Чтение онлайн

ЖАНРЫ

Шрифт:

Весь этот день они провели вместе с нами и много разговаривали с Микеле. Я невольно отметила, что Микеле знал об их стране, пожалуй, больше их самих, в то время как они знали очень мало или почти ничего об Италии, где в настоящее время находились и с которой воевали. Офицер оказал нам, что учился в университете, значит, это был образованный человек. Но Микеле со своей обычной въедливостью обнаружил, что он даже не знает, кто такой Данте. Я - женщина необразованная и никогда не читала того, что написал Данте, но имя его знаю, а Розетта сказала мне, что в монастырской школе они не только учили о Данте, но даже должны были читать кое-что из того, что он написал. Микеле шепотом сказал нам, что англичане не знают, кто такой был Данте, и так же тихо, воспользовавшись минутой, когда англичане нас не слушали, добавил, что этим их незнанием объясняется многое, например бомбежки, разрушившие наши города. Летчики, сбрасывавшие на нас бомбы, ничего не знали о нас и о наших памятниках и разрушали их спокойно и безжалостно в силу своего невежества Микеле еще добавил, что, может быть, невежество и было причиной всех бед, как наших, так и других людей, потому что преступность - это только один из видов невежества; человек знающий не может делать зла.

Англичане провели ночь на сеновале и ушли рано утром, даже не попрощавшись с нами. Мы с Розеттой чувствовали себя очень усталыми, потому что легли поздно, что не входило в наши привычки:

обычно мы ложились вместе с курами. Поэтому в то утро мы крепко проспали до полудня. Вдруг страшный удар в дверь нашей комнатки и громкий голос, говоривший что-то на незнакомом языке, пробудили нас от сна.

– О боже, мама!
– воскликнула Розетта, прижимаясь ко мне.- Что случилось?

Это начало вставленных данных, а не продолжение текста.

lemma cumulant_scale:
  "cumulant (\<lambda>xs. prod_list (map \<omega> xs) * F xs) k g = (\<Prod>j=1..k. \<omega> (g j)) * cumulant F k g"
proof -
  have "(\<Prod>B\<in>\<pi>. prod_list (map \<omega> (map g (sorted_list_of_set B)))) = (\<Prod>j=1..k. \<omega> (g j))"
    if \<pi>: "partition_on {1..k} \<pi>" for \<pi>
  proof -
    have "finite B" if "B \<in> \<pi>" for B
      using partition_onD1[OF \<pi>] that by (metis Union_upper finite_atLeastAtMost finite_subset)
    then have "(\<Prod>B\<in>\<pi>. prod_list (map \<omega> (map g (sorted_list_of_set B)))) = (\<Prod>B\<in>\<pi>. \<Prod>j\<in>B. \<omega> (g j))"
      by (intro prod.cong refl) (simp add: prod.distinct_set_conv_list[symmetric])
    also have "\<dots> = (\<Prod>j=1..k. \<omega> (g j))"
      using prod.partition[OF finite_atLeastAtMost \<pi>, where g="\<lambda>j. \<omega> (g j)"] by simp
    finally show ?thesis .
  qed
  then show ?thesis
    unfolding cumulant_def sum_distrib_left by (intro sum.cong refl) (simp add: prod.distrib)
qed

definition moments_factorize :: "(nat \<Rightarrow> 'a list \<Rightarrow> real) \<Rightarrow> ('a \<Rightarrow> real) \<Rightarrow> 'a set \<Rightarrow> nat \<Rightarrow> bool" where
  "moments_factorize F c S k \<longleftrightarrow> (\<forall>g. inj_on g {1..k} \<and> g ` {1..k} \<subseteq> S \<longrightarrow>
      (\<lambda>n. F n (map g [1..<k+1])) \<longlonglongrightarrow> (\<Prod>j=1..k. c (g j)))"

definition cumulants_vanish :: "(nat \<Rightarrow> 'a list \<Rightarrow> real) \<Rightarrow> 'a set \<Rightarrow> nat \<Rightarrow> bool" where
  "cumulants_vanish F S k \<longleftrightarrow> (\<forall>g. inj_on g {1..k} \<and> g ` {1..k} \<subseteq> S \<longrightarrow>
      (\<lambda>n. cumulant (F n) k g) \<longlonglongrightarrow> 0)"

lemma moments_factorize_distinct_list:
  assumes "moments_factorize F c S (length xs)" "distinct xs" "set xs \<subseteq> S"
  shows "(\<lambda>n. F n xs) \<longlonglongrightarrow> (\<Prod>j\<in>set xs. c j)"
proof -
  define e where "e i = xs ! (i - 1)" for i
  have map_e: "map e [1..<length xs + 1] = xs"
    unfolding e_def by (rule nth_equalityI) (auto simp del: upt_Suc)
  have set_upt: "set [1..<length xs + 1] = {1..length xs}" by auto
  have "inj_on e (set [1..<length xs + 1])"
    using distinct_map[of e] map_e assms(2) by metis
  moreover have "e ` set [1..<length xs + 1] = set xs"
    using arg_cong[OF map_e, of set] by simp
  ultimately have e: "inj_on e {1..length xs}" "e ` {1..length xs} = set xs"
    unfolding set_upt by simp_all
  from e have "(\<lambda>n. F n (map e [1..<length xs + 1])) \<longlonglongrightarrow> (\<Prod>i=1..length xs. c (e i))"
    using assms(1,3) unfolding moments_factorize_def by blast
  moreover have "(\<Prod>i=1..length xs. c (e i)) = (\<Prod>j\<in>set xs. c j)"
    using prod.reindex[OF e(1), of c] e(2) by simp
  ultimately show ?thesis using map_e by simp
qed

lemma block_moment_tendsto:
  assumes "moments_factorize F c S (card B)" "finite B" "inj_on g B" "g ` B \<subseteq> S"
  shows "(\<lambda>n. F n (map g (sorted_list_of_set B))) \<longlonglongrightarrow> (\<Prod>j\<in>B. c (g j))"
proof -
  have "length (map g (sorted_list_of_set B)) = card B" "distinct (map g (sorted_list_of_set B))"
    "set (map g (sorted_list_of_set B)) = g ` B"
    using assms(2,3) by (simp_all add: distinct_map)
  then show ?thesis
    using moments_factorize_distinct_list[of F c S "map g (sorted_list_of_set B)"] assms(1,3,4)
    by (simp add: prod.reindex)
qed

lemma moebius_sum_tendsto:
  fixes k :: nat and F :: "nat \<Rightarrow> 'a list \<Rightarrow> real"
  assumes "Ps \<subseteq> {\<pi>. partition_on {1..k} \<pi>}"
    and "\<And>\<pi> B. \<pi> \<in> Ps \<Longrightarrow> B \<in> \<pi> \<Longrightarrow> (\<lambda>n. F n (map g (sorted_list_of_set B))) \<longlonglongrightarrow> (\<Prod>j\<in>B. c (g j))"
  shows "(\<lambda>n. \<Sum>\<pi>\<in>Ps. (-1) ^ (card \<pi> - 1) * fact (card \<pi> - 1) *
            (\<Prod>B\<in>\<pi>. F n (map g (sorted_list_of_set B))))
      \<longlonglongrightarrow> (\<Sum>\<pi>\<in>Ps. (-1) ^ (card \<pi> - 1) * fact (card \<pi> - 1)) * (\<Prod>j=1..k. c (g j))"
proof -
  have "(\<lambda>n. \<Sum>\<pi>\<in>Ps. (-1) ^ (card \<pi> - 1) * fact (card \<pi> - 1) *
            (\<Prod>B\<in>\<pi>. F n (map g (sorted_list_of_set B))))
      \<longlonglongrightarrow> (\<Sum>\<pi>\<in>Ps. (-1) ^ (card \<pi> - 1) * fact (card \<pi> - 1) * (\<Prod>B\<in>\<pi>. \<Prod>j\<in>B. c (g j)))"
    by (intro tendsto_sum tendsto_mult tendsto_const tendsto_prod) (use assms(2) in auto)
  also have "(\<Sum>\<pi>\<in>Ps. (-1) ^ (card \<pi> - 1) * fact (card \<pi> - 1) * (\<Prod>B\<in>\<pi>. \<Prod>j\<in>B. c (g j)))
      = (\<Sum>\<pi>\<in>Ps. (-1) ^ (card \<pi> - 1) * fact (card \<pi> - 1)) * (\<Prod>j=1..k. c (g j))"
    unfolding sum_distrib_right
    using assms(1) prod.partition[OF finite_atLeastAtMost, where g="\<lambda>j. c (g j)"]
    by (intro sum.cong refl) auto
  finally show ?thesis .
qed

lemma cumulants_vanish_if_moments_factorize:
  assumes "k \<ge> 2" and factorize: "\<And>m. 1 \<le> m \<Longrightarrow> m \<le> k \<Longrightarrow> moments_factorize F c S m"
  shows "cumulants_vanish F S k"
  unfolding cumulants_vanish_def
proof (intro allI impI)
  fix g assume g: "inj_on g {1..k} \<and> g ` {1..k} \<subseteq> S"
  have moebius: "(\<Sum>\<pi> | partition_on {1..k} \<pi>. (-1::real) ^ (card \<pi> - 1) * fact (card \<pi> - 1)) = 0"
    by (rule sum_partitions_moebius_eq_0) (use assms(1) in simp_all)
  have "(\<lambda>n. cumulant (F n) k g)
      \<longlonglongrightarrow> (\<Sum>\<pi> | partition_on {1..k} \<pi>. (-1) ^ (card \<pi> - 1) * fact (card \<pi> - 1)) * (\<Prod>j=1..k. c (g j))"
    unfolding cumulant_def
  proof (rule moebius_sum_tendsto)
    fix \<pi> B assume "\<pi> \<in> {\<pi>. partition_on {1..k} \<pi>}" "B \<in> \<pi>"
    then have B: "B \<subseteq> {1..k}" "B \<noteq> {}"
      using partition_onD1 partition_onD3 by blast+
    have "finite B" using finite_subset[OF B(1)] by simp
    then have "1 \<le> card B" using B(2) by (simp add: Suc_le_eq card_gt_0_iff)
    moreover have "card B \<le> k" using card_mono[OF _ B(1)] by simp
    ultimately have "moments_factorize F c S (card B)" by (rule factorize)
    moreover have "inj_on g B" using inj_on_subset[OF conjunct1[OF g] B(1)] .
    moreover have "g ` B \<subseteq> S" using subset_trans[OF image_mono[OF B(1)] conjunct2[OF g]] .
    ultimately show "(\<lambda>n. F n (map g (sorted_list_of_set B))) \<longlonglongrightarrow> (\<Prod>j\<in>B. c (g j))"
      using \<open>finite B\<close> by (intro block_moment_tendsto)
  qed simp
  then show "(\<lambda>n. cumulant (F n) k g) \<longlonglongrightarrow> 0"
    unfolding moebius by simp
qed

lemma moments_factorize_if_cumulants_vanish:
  assumes "k \<ge> 2" and vanish: "cumulants_vanish F S k"
    and factorize: "\<And>m. 1 \<le> m \<Longrightarrow> m < k \<Longrightarrow> moments_factorize F c S m"
  shows "moments_factorize F c S k"
  unfolding moments_factorize_def
proof (intro allI impI)
  fix g assume g: "inj_on g {1..k} \<and> g ` {1..k} \<subseteq> S"
  define Ps where "Ps = {\<pi>. partition_on {1..k} \<pi>} - {{{1..k}}}"
  define t where "t n \<pi> = (-1) ^ (card \<pi> - 1) * fact (card \<pi> - 1) *
      (\<Prod>B\<in>\<pi>. F n (map g (sorted_list_of_set B)))" for n \<pi>
  have finite: "finite {\<pi>. partition_on {1..k} \<pi>}"
    by (simp add: finitely_many_partition_on)
  have space: "{{1..k}} \<in> {\<pi>. partition_on {1..k} \<pi>}"
    using assms(1) by (simp add: partition_on_space)
  have "{1..k} = {1..<k+1}" by auto
  then have "t n {{1..k}} = F n (map g [1..<k+1])" for n
    unfolding t_def by simp
  moreover have "cumulant (F n) k g = t n {{1..k}} + (\<Sum>\<pi>\<in>Ps. t n \<pi>)" for n
    unfolding cumulant_def t_def[symmetric] Ps_def by (rule sum.remove[OF finite space])
  ultimately have split: "cumulant (F n) k g = F n (map g [1..<k+1]) + (\<Sum>\<pi>\<in>Ps. t n \<pi>)" for n
    by simp
  have rest: "(\<lambda>n. \<Sum>\<pi>\<in>Ps. t n \<pi>)
      \<longlonglongrightarrow> (\<Sum>\<pi>\<in>Ps. (-1) ^ (card \<pi> - 1) * fact (card \<pi> - 1)) * (\<Prod>j=1..k. c (g j))"
    unfolding t_def
  proof (rule moebius_sum_tendsto)
    fix \<pi> B assume "\<pi> \<in> Ps" "B \<in> \<pi>"
    then have \<pi>: "partition_on {1..k} \<pi>" "\<pi> \<noteq> {{1..k}}" unfolding Ps_def by auto
    have B: "B \<subseteq> {1..k}" "B \<noteq> {}" "B \<noteq> {1..k}"
      using partition_onD1[OF \<pi>(1)] partition_onD3[OF \<pi>(1)] partition_on_space_unique[OF \<pi>(1)] \<pi>(2)
        \<open>B \<in> \<pi>\<close> by blast+
    have "finite B" using finite_subset[OF B(1)] by simp
    then have "1 \<le> card B" using B(2) by (simp add: Suc_le_eq card_gt_0_iff)
    moreover have "card B < k" using psubset_card_mono[of "{1..k}" B] B(1,3) by auto
    ultimately have "moments_factorize F c S (card B)" by (rule factorize)
    moreover have "inj_on g B" using inj_on_subset[OF conjunct1[OF g] B(1)] .
    moreover have "g ` B \<subseteq> S" using subset_trans[OF image_mono[OF B(1)] conjunct2[OF g]] .
    ultimately show "(\<lambda>n. F n (map g (sorted_list_of_set B))) \<longlonglongrightarrow> (\<Prod>j\<in>B. c (g j))"
      using \<open>finite B\<close> by (intro block_moment_tendsto)
  qed (simp add: Ps_def)
  have "(\<Sum>\<pi>\<in>Ps. (-1::real) ^ (card \<pi> - 1) * fact (card \<pi> - 1)) = -1"
    using sum_partitions_moebius_eq_0[of "{1..k}", where 'a=real] assms(1)
    unfolding Ps_def sum.remove[OF finite space] by (simp add: add_eq_0_iff)
  then have "(\<lambda>n. cumulant (F n) k g - (\<Sum>\<pi>\<in>Ps. t n \<pi>)) \<longlonglongrightarrow> 0 - (- (\<Prod>j=1..k. c (g j)))"
    using vanish g rest unfolding cumulants_vanish_def by (intro tendsto_diff) auto
  then show "(\<lambda>n. F n (map g [1..<k+1])) \<longlonglongrightarrow> (\<Prod>j=1..k. c (g j))"
    unfolding split by simp
qed

theorem moments_factorize_iff_cumulants_vanish:
  assumes "\<And>j. j \<in> S \<Longrightarrow> (\<lambda>n. F n [j]) \<longlonglongrightarrow> c j"
  shows "(\<forall>k\<ge>1. moments_factorize F c S k) \<longleftrightarrow> (\<forall>k\<ge>2. cumulants_vanish F S k)"
proof
  assume "\<forall>k\<ge>1. moments_factorize F c S k"
  then show "\<forall>k\<ge>2. cumulants_vanish F S k"
    using cumulants_vanish_if_moments_factorize by blast
next
  assume vanish: "\<forall>k\<ge>2. cumulants_vanish F S k"
  have "moments_factorize F c S k" if "k \<ge> 1" for k
    using that
  proof (induction k rule: less_induct)
    case (less k)
    show ?case
    proof (cases "k = 1")
      case True
      then show ?thesis using assms unfolding moments_factorize_def by simp
    next
      case False
      then have "k \<ge> 2" using less.prems by simp
      then show ?thesis
        by (rule moments_factorize_if_cumulants_vanish) (use vanish less.IH \<open>k \<ge> 2\<close> in auto)
    qed
  qed
  then show "\<forall>k\<ge>1. moments_factorize F c S k" by blast
qed


definition scaled_moment :: "(nat \<Rightarrow> nat perm \<Rightarrow> real) \<Rightarrow> ('a \<Rightarrow> nat perm) \<Rightarrow> nat \<Rightarrow> 'a list \<Rightarrow> real" where
  "scaled_moment M \<sigma> n xs =
     prod_list (map (\<lambda>j. real n powr (real (tlen (\<sigma> j)) / 2)) xs) * M n (prod_list (map \<sigma> xs))"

Я оцепенела от удивления, но тут еще один удар обрушился на нашу дверь, и послышались какие-то непонятные слова. Я сказала Розетте, что пойду посмотреть, соскочила с кровати и, как была в одной нижней юбке, растрепанная и босиком, открыла дверь и выглянула наружу. Перед дверью стояли два немецких солдата; один из них был, наверно, сержантом, другой - простым солдатом. Сержант был моложе, его светлые волосы были острижены очень коротко, лицо белое, как бумага, глаза мутно-голубые, без ресниц, без всякого выражения и блеска. Нос у него был искривлен в одну сторону, рот - в другую, на щеке было два длинных шрама, придававших лицу странный вид, как будто рот его, изгибаясь, доходил до ушей. Другой немец был средних лет, приземистый, смуглый, с огромным лбом, печальными, окруженными синяками глазами темно-голубого цвета и с челюстью, как у бульдога. Я испугалась, но, по правде сказать, больше всего меня испугали глаза сержанта, холодные и невыразительные, такого противного голубого цвета, что они казались скорее звериными, чем человеческими. Но я не показала и виду, что боюсь, и заорала на него, как могла:

– Эй ты! Ты что, с ума сошел? Чего выламываешь дверь? Не видишь, что ли, что здесь живут две женщины и что мы спим? Или теперь и поспать нельзя?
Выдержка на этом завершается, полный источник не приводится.